- Directed by: Helen Walsh
- Written by: Helen Walsh
- Produced by: David A. Hughes; David Moores; Chris Clark; Mike Goodridge;
- Starring: Barry Ward; Lorne MacFadyen; Henry Lawfull; Celyn Jones;
- Cinematography: Sam Goldie
- Edited by: Ricardo Saraiva
- Music by: Felix Rösch
- Production company: Red Union Films;
- Distributed by: Matchbox Films Verve Pictures
- Release dates: August 16, 2025 (Edinburgh); July 24, 2026 (United Kingdom);
- Running time: 111 minutes
- Country: United Kingdom
- Language: English

= On the Sea (film) =

2025 British drama film

On the Sea is a 2025 British drama film written and directed by Helen Walsh.

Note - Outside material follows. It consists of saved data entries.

definition separating :: "nat list \<Rightarrow> nat list \<Rightarrow> bool" where
  "separating y r \<longleftrightarrow> (\<exists>a b. framed a b y \<and>
     (leading b r \<and> \<not> trailing a r \<or> trailing a r \<and> \<not> leading b r))"

lemma separating_word_pow: "separating y r \<Longrightarrow> 0 < n \<Longrightarrow> separating (word_pow y n) r"
  unfolding separating_def using framed_word_pow by blast

text \<open>Exactly one of \<open>r @ y\<close> and \<open>y @ r\<close> is reduced; in the other two letters cancel.\<close>

lemma heap_append_separating_neq:
  assumes r: "reduced r" and "separating y r"
  shows "heap (r @ y) \<noteq> heap (y @ r)"
proof -
  obtain a b where y: "framed a b y"
    and ab: "leading b r \<and> \<not> trailing a r \<or> trailing a r \<and> \<not> leading b r"
    using assms(2) by (auto simp: separating_def)
  from ab show ?thesis
  proof (elim disjE conjE)
    assume "leading b r" "\<not> trailing a r"
    then have "reduced (r @ y)" using r y by (auto simp: framed_def intro!: reduced_append)
    then have "count_list (heap (r @ y) b) b = count_list r b + count_list y b"
      by (simp add: heap_reduced count_strand)
    moreover have "count_list (heap (y @ r) b) b + 2 \<le> count_list y b + count_list r b"
      using count_heap_cancel r y \<open>leading b r\<close> by (auto simp: framed_def)
    ultimately show ?thesis by (auto dest: fun_cong)
  next
    assume "trailing a r" "\<not> leading b r"
    then have "reduced (y @ r)" using r y by (auto simp: framed_def intro!: reduced_append)
    then have "count_list (heap (y @ r) a) a = count_list y a + count_list r a"
      by (simp add: heap_reduced count_strand)
    moreover have "count_list (heap (r @ y) a) a + 2 \<le> count_list r a + count_list y a"
      using count_heap_cancel y \<open>trailing a r\<close> by (auto simp: framed_def)
    ultimately show ?thesis by (auto dest: fun_cong)
  qed
qed
lemma card_entry_indices_eq_1_iff:
  "card (entry_indices xs v) = 1 \<longleftrightarrow> v \<in> \<Union>(set xs) \<and> contiguous xs v"
proof
  assume "card (entry_indices xs v) = 1"
  then obtain m where m: "entry_indices xs v = {m}" by (rule card_1_singletonE)
  then have "m < length xs" "v \<in> xs ! m" by (auto simp: entry_indices_def)
  then have "v \<in> \<Union>(set xs)" using nth_mem by blast
  moreover have "contiguous xs v"
    unfolding contiguous_def
  proof (intro allI impI)
    fix s t u assume stu: "s \<le> t \<and> t \<le> u \<and> u < length xs \<and> v \<in> xs ! s \<and> v \<in> xs ! u"
    show "v \<in> xs ! t"
    proof (rule ccontr)
      assume gap: "v \<notin> xs ! t"
      obtain a where "a \<in> entry_indices xs v" "a \<le> s"
        using entry_index_between[of 0 s xs v] stu by auto
      moreover obtain b where "b \<in> entry_indices xs v" "t < b"
        using entry_index_between[of "Suc t" u xs v] stu gap by (cases "t = u") auto
      ultimately show False using m stu by auto
    qed
  qed
  ultimately show "v \<in> \<Union>(set xs) \<and> contiguous xs v" ..
next
  assume "v \<in> \<Union>(set xs) \<and> contiguous xs v"
  then obtain u where u: "u < length xs" "v \<in> xs ! u" and c: "contiguous xs v"
    by (auto simp: in_set_conv_nth)
  obtain m where m: "m \<in> entry_indices xs v"
    using entry_index_between[of 0 u xs v] u by auto
  have "j \<le> i" if "i \<in> entry_indices xs v" "j \<in> entry_indices xs v" for i j
  proof (rule ccontr)
    assume "\<not> j \<le> i"
    then have "i \<le> j - 1" "j - 1 \<le> j" "j < length xs" "v \<in> xs ! i" "v \<in> xs ! j" "v \<notin> xs ! (j - 1)"
      using that by (auto simp: entry_indices_def)
    then show False using c unfolding contiguous_def by blast
  qed
  then have "entry_indices xs v = {m}" using m by (auto intro: antisym)
  then show "card (entry_indices xs v) = 1" by simp
qed

lemma simplicial_walk_iff:
  "simplicial_walk V k ss \<longleftrightarrow> ss \<noteq> [] \<and> (\<forall>X\<in>set ss. X \<noteq> {} \<and> X \<subseteq> V \<and> finite X \<and> card X \<le> k + 1) \<and>
     card (hd ss) = 1 \<and> successively elementary_step ss"
proof -
  have "(\<forall>i. Suc i < length ss \<longrightarrow>
        (\<exists>u. (u \<notin> ss ! i \<and> ss ! Suc i = insert u (ss ! i)) \<or> (u \<notin> ss ! Suc i \<and> ss ! i = insert u (ss ! Suc i))))
      \<longleftrightarrow> successively elementary_step ss"
    unfolding successively_conv_nth elementary_step_def by blast
  then show ?thesis
    unfolding simplicial_walk_def by (auto simp: all_set_conv_all_nth hd_conv_nth)
qed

The film stars Barry Ward, Lorne MacFadyen, and Henry Lawfull.

The film premiered in competition at the 78th Edinburgh International Film Festival on 16 August 2025.

==Premise==
Set in a remote fishing community in North Wales, the film follows Jack, a mussel harvester who expects his son to continue the family trade. Tensions arise when his son resists this expectation, and the arrival of a new deckhand further complicates relationships within the community. As personal and familial dynamics unfold, the story explores themes of identity, desire and belonging.

==Cast==
- Barry Ward as Jack
- Henry Lawfull as Tom
- Lorne MacFadyen as Daniel
- Liz White
- Celyn Jones
- Danny Webb
- Julian Lewis Jones as William
==Production==
Written and directed by Helen Walsh, the film was loosely inspired by a real-life individual known to Walsh. The project developed further when Walsh incorporated the setting of mussel harvesting communities in North Wales, which informed the film's narrative and themes.

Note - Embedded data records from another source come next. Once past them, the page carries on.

(* Let $\Sigma=\{a,b,c\}$ and let $\mathfrak{A}$ be the architecture with $\mathsf{Procs}=\{p_1,p_2\}$, $\mathsf{DS}=\mathsf{Queues}=\{c_1,c_2\}$ (no stacks, no bags), $\mathsf{Writer}(c_1)=\mathsf{Reader}(c_2)=p_1$ and $\mathsf{Writer}(c_2)=\mathsf{Reader}(c_1)=p_2$. There is a sentence $\varphi\in\mathsf{MSO}(\mathfrak{A},\Sigma)$ such that for every CPDS $\mathcal{S}$ over $\mathfrak{A}$ and $\Sigma$ we have $L(\mathcal{S})\neq L(\varphi)$.
   Context: An architecture is $\mathfrak{A}=(\mathsf{Procs},\mathsf{DS},\mathsf{Writer},\mathsf{Reader})$ with $\mathsf{DS}=\mathsf{Stacks}\uplus\mathsf{Queues}\uplus\mathsf{Bags}$ and $\mathsf{Writer},\mathsf{Reader}:\mathsf{DS}\to\mathsf{Procs}$. A CBM over $\mathfrak{A}$ and $\Sigma$ is $\mathcal{M}=((w_p)_{p\in\mathsf{Procs}},(\rhd^d)_{d\in\mathsf{DS}})$ with $w_p\in\Sigma^*$; events $\mathcal{E}=\bigcup_p\{(p,i)\mid1\le i\le|w_p|\}$, process successor $(p,i)\to(p,i+1)$, $\mathsf{pid}((p,i))=p$, $\lambda((p,i))$ the $i$-th letter of $w_p$; $\rhd^d\subseteq\mathcal{E}_{\mathsf{Writer}(d)}\times\mathcal{E}_{\mathsf{Reader}(d)}$ such that distinct edges (over all $d$) have four distinct endpoints, $<=(\to\cup\bigcup_d\rhd^d)^+$ is a strict partial order, and for each queue $d$, $e_1\rhd^d f_1$, $e_2\rhd^d f_2$, $e_1<e_2$ imply $f_1<f_2$ (and for stacks, $e_1<e_2<f_1$ implies $f_2<f_1$). A CPDS $\mathcal{S}=(\mathsf{Locs},\mathsf{Val},(\to_p)_p,\ell_{in},\mathsf{Fin})$ has nonempty finite $\mathsf{Locs},\mathsf{Val}$, $\ell_{in}\in\mathsf{Locs}$, $\mathsf{Fin}\subseteq\mathsf{Locs}^{\mathsf{Procs}}$ and finite transition sets $\to_p$ with transitions $\ell\xrightarrow{a}_p\ell'$, $\ell\xrightarrow{a,d!v}_p\ell'$ ($\mathsf{Writer}(d)=p$), $\ell\xrightarrow{a,d?v}_p\ell'$ ($\mathsf{Reader}(d)=p$). A run on a CBM is $\rho:\mathcal{E}\to\mathsf{Locs}$ such that, with $\rho^-(e)$ the value of $\rho$ at the $\to$-predecessor of $e$ or $\ell_{in}$ if none: events incident to no $\rhd$-edge use an internal transition $\rho^-(e)\xrightarrow{\lambda(e)}_{\mathsf{pid}(e)}\rho(e)$, and for each $e\rhd^d f$ some $v$ gives transitions $\rho^-(e)\xrightarrow{\lambda(e),d!v}\rho(e)$ and $\rho^-(f)\xrightarrow{\lambda(f),d?v}\rho(f)$. It is accepting if the tuple of last locations of each process ($\ell_{in}$ for processes with no events) is in $\mathsf{Fin}$. $L(\mathcal{S})$ = CBMs with an accepting run. $\mathsf{MSO}(\mathfrak{A},\Sigma)$: $\varphi::=a(x)\mid p(x)\mid x=y\mid x\rhd^d y\mid x\to y\mid x\in X\mid\varphi\vee\varphi\mid\neg\varphi\mid\exists x\varphi\mid\exists X\varphi$, interpreted over CBMs in the standard way ($a(x)$: $\lambda(x)=a$; $p(x)$: $\mathsf{pid}(x)=p$). $L(\varphi)$ is the set of CBMs satisfying sentence $\varphi$. *)

theory Defs
  imports Main
begin

datatype proc = P1 | P2
datatype ds = C1 | C2   (* both data structures are queues *)
datatype sym = A | B | C

fun writer :: "ds \<Rightarrow> proc" where
  "writer C1 = P1" | "writer C2 = P2"
fun reader :: "ds \<Rightarrow> proc" where
  "reader C1 = P2" | "reader C2 = P1"

type_synonym event = "proc \<times> nat"   (* (p,i) with 1 <= i <= |w_p| *)

type_synonym cbm = "(proc \<Rightarrow> sym list) \<times> (ds \<Rightarrow> (event \<times> event) set)"

definition words :: "cbm \<Rightarrow> proc \<Rightarrow> sym list" where "words M = fst M"
definition edges :: "cbm \<Rightarrow> ds \<Rightarrow> (event \<times> event) set" where "edges M = snd M"

definition events :: "cbm \<Rightarrow> event set" where
  "events M = {(p,i). 1 \<le> i \<and> i \<le> length (words M p)}"

definition events_of :: "cbm \<Rightarrow> proc \<Rightarrow> event set" where
  "events_of M p = {e \<in> events M. fst e = p}"

definition lab :: "cbm \<Rightarrow> event \<Rightarrow> sym" where
  "lab M e = words M (fst e) ! (snd e - 1)"

definition proc_succ :: "cbm \<Rightarrow> (event \<times> event) set" where
  "proc_succ M = {(e,f). e \<in> events M \<and> f \<in> events M \<and> fst f = fst e \<and> snd f = snd e + 1}"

The film was produced on a budget of under £1 million and shot with a small crew using a scaled-down production approach. International sales for the film are handled by The Yellow Affair.
==Release==
On the Sea had its world premiere at the 78th Edinburgh International Film Festival on 16 August 2025. It had its North America premiere at the 2026 Palm Springs International Film Festival. The film was released in UK cinemas by Matchbox Films and Verve Pictures on 24 July 2026.

==Reception==
===Critical reception===
In a review for Film Threat, critic Alan Ng described the film as "pretty typical" of coming-out narratives, criticizing its romantic development as lacking buildup and stating that it "just feels dated and done before."

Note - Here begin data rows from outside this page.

lemma set_take_drop_Suc_subset_nth:
  "set (take j xs) \<union> set (drop (Suc j) xs) \<subseteq> {xs ! i |i. i < length xs \<and> i \<noteq> j}"
proof -
  have "\<exists>i<length xs. i \<noteq> j \<and> x = xs ! i" if "x \<in> set (take j xs) \<union> set (drop (Suc j) xs)" for x
    using that
  proof
    assume "x \<in> set (take j xs)"
    then obtain k where "k < j" "k < length xs" "x = xs ! k" by (auto simp: in_set_conv_nth)
    then show ?thesis by auto
  next
    assume "x \<in> set (drop (Suc j) xs)"
    then obtain k where "k < length (drop (Suc j) xs)" "x = drop (Suc j) xs ! k"
      by (metis in_set_conv_nth)
    then show ?thesis by (intro exI[of _ "Suc j + k"]) auto
  qed
  then show ?thesis by blast
qed

lemma mat_list_prod_scalar_fixed_but_nth:
  fixes As :: "'a :: field mat list"
  assumes carrier: "set As \<subseteq> carrier_mat n n" and det: "\<forall>A\<in>set As. det A \<noteq> 0"
    and prod: "mat_list_prod n As = \<mu> \<cdot>\<^sub>m 1\<^sub>m n"
    and j: "j < length As" and v: "v \<in> carrier_vec n"
    and fixed: "\<forall>i<length As. i \<noteq> j \<longrightarrow> As ! i *\<^sub>v v = v"
  shows "As ! j *\<^sub>v v = \<mu> \<cdot>\<^sub>v v"
proof (rule mat_list_prod_scalar_fixed_but_one)
  have split: "As = take j As @ As ! j # drop (Suc j) As" using id_take_nth_drop[OF j] .
  show "set (take j As @ As ! j # drop (Suc j) As) \<subseteq> carrier_mat n n"
    and "mat_list_prod n (take j As @ As ! j # drop (Suc j) As) = \<mu> \<cdot>\<^sub>m 1\<^sub>m n"
    using carrier prod split[symmetric] by auto
  show "\<forall>A\<in>set (take j As). det A \<noteq> 0" using det by (auto dest: in_set_takeD)
  show "\<forall>A\<in>set (take j As) \<union> set (drop (Suc j) As). A *\<^sub>v v = v"
    using set_take_drop_Suc_subset_nth[of j As] fixed by blast
qed (rule v)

In a review for Variety, the film was described as a character-driven drama with a strong sense of place, noting its performances and its portrayal of a late-in-life coming-out story with emotional restraint and realism.

Nikki Baughan of Screen Daily described the film as a character-driven drama focused on identity and relationships within a traditional coastal community, highlighting its restrained storytelling, performances, and use of setting to shape the narrative.